After departing their meeting with the activist, they got into a U.S. Embassy vehicle, one of a fleet of clearly marked American government cars with diplomatic plates driven by an embassy staffer. They were driving away when several cars slotted into the road in front of them, to the side, and behind them. Suddenly, their car was boxed in.

At one point, according to one official briefed on the matter, they tried to call the U.S. Embassy for help, but their phones all lost reception, apparently simultaneously. They were on their own. After a tense standoff, as the phalanx of cars crawled along the road, the driver of the U.S. Embassy car saw an opening and swerved onto a side road to escape the tail. They rushed back to the U.S. Embassy compound before the pursuing cars could intercept them. From there, the U.S. Embassy worked to quickly ferry the two Senate staffers out of the country without further incident.

The ordeal, described to Foreign Policy by four current and former U.S. officials familiar with the matter, stunned U.S. diplomats and left them questioning what would have happened to the two Senate aides had the embassy vehicle not been able to make its escape. All officials spoke on condition of anonymity, as they were not authorized to speak on the matter publicly.

The officials, who suspected Zimbabwean security services orchestrated the entire incident, said it underscored the increasingly brazen tactics of Mnangagwa’s government to suppress and intimidate political opponents and civil society activists as he strengthens his grip on power ahead of national elections next year.

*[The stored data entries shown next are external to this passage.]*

(* We have $\mathcal{P}(\mathrm{Cr}_2)=\mathcal{AM}(\mathrm{Cr}_2)$, and $\mathcal{P}(\mathrm{Cr}_n)\ne\mathcal{AM}(\mathrm{Cr}_n)$ for all $n>2$.
   Context: For $n\ge2$, the $n$-crown $\mathrm{Cr}_n$ is the poset $\{x_1,\dots,x_n,y_1,\dots,y_n\}$ whose only relations between distinct elements are $x_i<y_i$ ($1\le i\le n$), $x_{i+1}<y_i$ ($1\le i\le n-1$) and $x_1<y_n$. For a finite connected poset $X$ and $x<y$, $e_{xy}$ denotes the incidence-algebra basis element, and $B=\{e_{xy}:x<y\}$. $\mathcal{C}(X)$ is the set of maximal chains. For a bijection $\theta:B\to B$ and $C:u_1<\dots<u_m$ in $\mathcal{C}(X)$, $\theta$ is increasing on $C$ if there is $D:v_1<\dots<v_m$ in $\mathcal{C}(X)$ with $\theta(e_{u_iu_j})=e_{v_iv_j}$ for all $i<j$, decreasing if $\theta(e_{u_iu_j})=e_{v_{m-j+1}v_{m-i+1}}$ for all $i<j$. $\mathcal{M}(X)$: bijections $B\to B$ increasing or decreasing on every maximal chain. A walk is a sequence $u_0,\dots,u_m$ where for each $i$ one of $u_i,u_{i+1}$ covers the other; closed if $u_0=u_m$. For a closed walk $\Gamma:u_0,\dots,u_m=u_0$ and $z\in X$: $s^+_{\theta,\Gamma}(z)=|\{i: u_i<u_{i+1},\ \exists w>z,\ \theta(e_{zw})=e_{u_iu_{i+1}}\}|$, $s^-_{\theta,\Gamma}(z)=|\{i: u_i>u_{i+1},\ \exists w>z,\ \theta(e_{zw})=e_{u_{i+1}u_i}\}|$, $t^+_{\theta,\Gamma}(z)=|\{i: u_i<u_{i+1},\ \exists w<z,\ \theta(e_{wz})=e_{u_iu_{i+1}}\}|$, $t^-_{\theta,\Gamma}(z)=|\{i: u_i>u_{i+1},\ \exists w<z,\ \theta(e_{wz})=e_{u_{i+1}u_i}\}|$, $0\le i\le m-1$. $\theta$ is admissible if $s^+-s^-=t^+-t^-$ at every $z$ for every closed walk; $\mathcal{AM}(X)$ is the set of admissible elements of $\mathcal{M}(X)$. $\theta:B\to B$ is proper if there is an automorphism $\lambda$ of $X$ with $\theta(e_{xy})=e_{\lambda(x)\lambda(y)}$ for all $x<y$, or an anti-automorphism $\lambda$ with $\theta(e_{xy})=e_{\lambda(y)\lambda(x)}$ for all $x<y$; $\mathcal{P}(X)$ is the set of proper bijections. *)

theory Defs
  imports "HOL-Library.FuncSet"
begin

text \<open>A finite poset is given by a carrier X and a strict order lt.
 The basis element e_xy (x < y) is represented by the pair (x,y).\<close>

definition basis :: "'a set \<Rightarrow> ('a \<Rightarrow> 'a \<Rightarrow> bool) \<Rightarrow> ('a \<times> 'a) set" where
  "basis X lt = {(x,y). x \<in> X \<and> y \<in> X \<and> lt x y}"

definition is_chain :: "'a set \<Rightarrow> ('a \<Rightarrow> 'a \<Rightarrow> bool) \<Rightarrow> 'a list \<Rightarrow> bool" where
  "is_chain X lt C \<longleftrightarrow> set C \<subseteq> X \<and> sorted_wrt lt C"

definition max_chain :: "'a set \<Rightarrow> ('a \<Rightarrow> 'a \<Rightarrow> bool) \<Rightarrow> 'a list \<Rightarrow> bool" where
  "max_chain X lt C \<longleftrightarrow> C \<noteq> [] \<and> is_chain X lt C \<and>
     \<not> (\<exists>C'. is_chain X lt C' \<and> set C \<subset> set C')"

definition increasing_on :: "'a set \<Rightarrow> ('a \<Rightarrow> 'a \<Rightarrow> bool) \<Rightarrow> ('a \<times> 'a \<Rightarrow> 'a \<times> 'a) \<Rightarrow> 'a list \<Rightarrow> bool" where
  "increasing_on X lt \<theta> C \<longleftrightarrow> (\<exists>D. max_chain X lt D \<and> length D = length C \<and>
     (\<forall>i j. i < j \<and> j < length C \<longrightarrow> \<theta> (C!i, C!j) = (D!i, D!j)))"

definition decreasing_on :: "'a set \<Rightarrow> ('a \<Rightarrow> 'a \<Rightarrow> bool) \<Rightarrow> ('a \<times> 'a \<Rightarrow> 'a \<times> 'a) \<Rightarrow> 'a list \<Rightarrow> bool" where
  "decreasing_on X lt \<theta> C \<longleftrightarrow> (\<exists>D. max_chain X lt D \<and> length D = length C \<and>
     (\<forall>i j. i < j \<and> j < length C \<longrightarrow>
        \<theta> (C!i, C!j) = (D!(length C - 1 - j), D!(length C - 1 - i))))"

definition bijB :: "'a set \<Rightarrow> ('a \<Rightarrow> 'a \<Rightarrow> bool) \<Rightarrow> ('a \<times> 'a \<Rightarrow> 'a \<times> 'a) set" where
  "bijB X lt = {\<theta>. bij_betw \<theta> (basis X lt) (basis X lt) \<and> \<theta> \<in> extensional (basis X lt)}"

definition Mset :: "'a set \<Rightarrow> ('a \<Rightarrow> 'a \<Rightarrow> bool) \<Rightarrow> ('a \<times> 'a \<Rightarrow> 'a \<times> 'a) set" where
  "Mset X lt = {\<theta> \<in> bijB X lt. \<forall>C. max_chain X lt C \<longrightarrow>
      increasing_on X lt \<theta> C \<or> decreasing_on X lt \<theta> C}"

definition covers :: "'a set \<Rightarrow> ('a \<Rightarrow> 'a \<Rightarrow> bool) \<Rightarrow> 'a \<Rightarrow> 'a \<Rightarrow> bool" where
  "covers X lt x y \<longleftrightarrow> x \<in> X \<and> y \<in> X \<and> lt x y \<and> \<not> (\<exists>z\<in>X. lt x z \<and> lt z y)"

definition closed_walk :: "'a set \<Rightarrow> ('a \<Rightarrow> 'a \<Rightarrow> bool) \<Rightarrow> 'a list \<Rightarrow> bool" where
  "closed_walk X lt W \<longleftrightarrow> W \<noteq> [] \<and> set W \<subseteq> X \<and> hd W = last W \<and>
     (\<forall>i. Suc i < length W \<longrightarrow> covers X lt (W!i) (W!Suc i) \<or> covers X lt (W!Suc i) (W!i))"

definition s_plus where
  "s_plus X lt \<theta> W z = card {i. Suc i < length W \<and> lt (W!i) (W!Suc i) \<and>
      (\<exists>w\<in>X. lt z w \<and> \<theta> (z,w) = (W!i, W!Suc i))}"
definition s_minus where
  "s_minus X lt \<theta> W z = card {i. Suc i < length W \<and> lt (W!Suc i) (W!i) \<and>
      (\<exists>w\<in>X. lt z w \<and> \<theta> (z,w) = (W!Suc i, W!i))}"
definition t_plus where
  "t_plus X lt \<theta> W z = card {i. Suc i < length W \<and> lt (W!i) (W!Suc i) \<and>
      (\<exists>w\<in>X. lt w z \<and> \<theta> (w,z) = (W!i, W!Suc i))}"
definition t_minus where
  "t_minus X lt \<theta> W z = card {i. Suc i < length W \<and> lt (W!Suc i) (W!i) \<and>
      (\<exists>w\<in>X. lt w z \<and> \<theta> (w,z) = (W!Suc i, W!i))}"

definition admissible :: "'a set \<Rightarrow> ('a \<Rightarrow> 'a \<Rightarrow> bool) \<Rightarrow> ('a \<times> 'a \<Rightarrow> 'a \<times> 'a) \<Rightarrow> bool" where
  "admissible X lt \<theta> \<longleftrightarrow> (\<forall>W. closed_walk X lt W \<longrightarrow> (\<forall>z\<in>X.
      int (s_plus X lt \<theta> W z) - int (s_minus X lt \<theta> W z) =
      int (t_plus X lt \<theta> W z) - int (t_minus X lt \<theta> W z)))"

definition AMset :: "'a set \<Rightarrow> ('a \<Rightarrow> 'a \<Rightarrow> bool) \<Rightarrow> ('a \<times> 'a \<Rightarrow> 'a \<times> 'a) set" where
  "AMset X lt = {\<theta> \<in> Mset X lt. admissible X lt \<theta>}"

definition Pset :: "'a set \<Rightarrow> ('a \<Rightarrow> 'a \<Rightarrow> bool) \<Rightarrow> ('a \<times> 'a \<Rightarrow> 'a \<times> 'a) set" where
  "Pset X lt = {\<theta> \<in> bijB X lt.
     (\<exists>\<phi>. bij_betw \<phi> X X \<and> (\<forall>x\<in>X. \<forall>y\<in>X. lt x y \<longleftrightarrow> lt (\<phi> x) (\<phi> y)) \<and>
          (\<forall>x\<in>X. \<forall>y\<in>X. lt x y \<longrightarrow> \<theta> (x,y) = (\<phi> x, \<phi> y))) \<or>
     (\<exists>\<phi>. bij_betw \<phi> X X \<and> (\<forall>x\<in>X. \<forall>y\<in>X. lt x y \<longleftrightarrow> lt (\<phi> y) (\<phi> x)) \<and>
          (\<forall>x\<in>X. \<forall>y\<in>X. lt x y \<longrightarrow> \<theta> (x,y) = (\<phi> y, \<phi> x)))}"

text \<open>The n-crown: x_i = (i, False), y_i = (i, True), 1 \<le> i \<le> n.\<close>
definition crown_X :: "nat \<Rightarrow> (nat \<times> bool) set" where
  "crown_X n = {(i,b). 1 \<le> i \<and> i \<le> n}"

definition crown_less :: "nat \<Rightarrow> nat \<times> bool \<Rightarrow> nat \<times> bool \<Rightarrow> bool" where
  "crown_less n a b \<longleftrightarrow> a \<in> crown_X n \<and> b \<in> crown_X n \<and> \<not> snd a \<and> snd b \<and>
     (fst a = fst b \<or> fst a = fst b + 1 \<or> (fst a = 1 \<and> fst b = n))"

end

(*
  A bijection theta of the basis is admissible iff, for every z, its cut cochain
  c_z(a,b) = [e_ab = theta(e_zw) for some w > z] - [e_ab = theta(e_wz) for some w < z]
  integrates to zero along every closed walk of the Hasse diagram; this holds as soon as
  c_z is the coboundary of an integer potential on the vertices.  For an automorphism or
  anti-automorphism phi, the indicator of phi z is such a potential, so proper
  bijections are admissible.

  Crowns have height one, so every bijection of the basis lies in M(Cr_n).  For n >= 3
  the transposition of e_x1y1 and e_x2y2 still has potentials, but it is not proper:
  an automorphism would send x1 and x2 to x2, an anti-automorphism would send y2 to x1
  and to x3.  For n = 2 the Hasse diagram is the 4-cycle x1 y1 x2 y2, and admissibility
  along it forces the two edges at each vertex onto one diagonal edge (x_i y_i) and one
  antidiagonal edge; such a bijection maps edges sharing a vertex to edges sharing a
  vertex, and the common vertex defines an automorphism or anti-automorphism inducing it.
*)
theory Submission
  imports Defs "HOL-Combinatorics.Transposition"
begin

section \<open>Admissibility via potentials\<close>

definition cut_cochain :: "'a set \<Rightarrow> ('a \<Rightarrow> 'a \<Rightarrow> bool) \<Rightarrow> ('a \<times> 'a \<Rightarrow> 'a \<times> 'a) \<Rightarrow> 'a \<Rightarrow> 'a \<Rightarrow> 'a \<Rightarrow> int" where
  "cut_cochain X lt \<theta> z a b =
     of_bool (\<exists>w\<in>X. lt z w \<and> \<theta> (z,w) = (a,b)) - of_bool (\<exists>w\<in>X. lt w z \<and> \<theta> (w,z) = (a,b))"

definition walk_integral :: "('a \<Rightarrow> 'a \<Rightarrow> bool) \<Rightarrow> ('a \<Rightarrow> 'a \<Rightarrow> int) \<Rightarrow> 'a list \<Rightarrow> int" where
  "walk_integral lt c W = (\<Sum>i<length W - 1.
     of_bool (lt (W!i) (W!Suc i)) * c (W!i) (W!Suc i) - of_bool (lt (W!Suc i) (W!i)) * c (W!Suc i) (W!i))"

lemma card_steps_eq_sum:
  "int (card {i. Suc i < length W \<and> P i}) = (\<Sum>i<length W - 1. of_bool (P i))"
proof -
  have "{i. Suc i < length W \<and> P i} = {..<length W - 1} \<inter> {i. P i}" by auto
  then show ?thesis by simp
qed

lemma walk_integral_cut_cochain:
  "walk_integral lt (cut_cochain X lt \<theta> z) W =
     (int (s_plus X lt \<theta> W z) - int (s_minus X lt \<theta> W z)) -
     (int (t_plus X lt \<theta> W z) - int (t_minus X lt \<theta> W z))"
  unfolding s_plus_def s_minus_def t_plus_def t_minus_def card_steps_eq_sum
    sum_subtractf[symmetric] walk_integral_def cut_cochain_def
  by (rule sum.cong) auto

However, all of the officials cautioned that they couldn’t say with certainty who followed the staffers and chased the U.S. Embassy car.

President Robert Mugabe

The incident incensed U.S. Sen. Robert Menendez, the chairman of the Senate Foreign Relations Committee, who sent a letter to President Joe Biden informing him of the harassment and car chase his staffers experienced. In the letter, he urged Biden to step up U.S. attention on the “dire” repressive political atmosphere in Zimbabwe and boost support for the country’s increasingly embattled civil society organizations and pro-democracy activists.

“This blatant aggression towards congressional staff, one of whom—as the Zimbabweans surely know served as a senior advisor to you for many years when you were Chairman and Ranking Member of the Foreign Relations Committee—was meant to intimidate the staff themselves, and to send a message to the United States: our support of Zimbabweans working to defend democracy is unwelcome by those who hold power,” Menendez wrote in his letter to Biden dated Sept. 12, a copy of which was obtained by Foreign Policy. Menendez did not name the two staffers in his letter.

“Such outrageous behaviour highlights the Zimbabwean regime’s reckless disregard for international norms. If American officials are deliberately targeted, you can well imagine the violence that will be directed to Zimbabweans who dare to criticize the government.”

Menendez in his letter pushed Biden to bring up the political situation in Zimbabwe with South African President Cyril Ramaphosa during their scheduled meeting at the White House on Friday. Menendez’s office did not offer additional comment on the matter.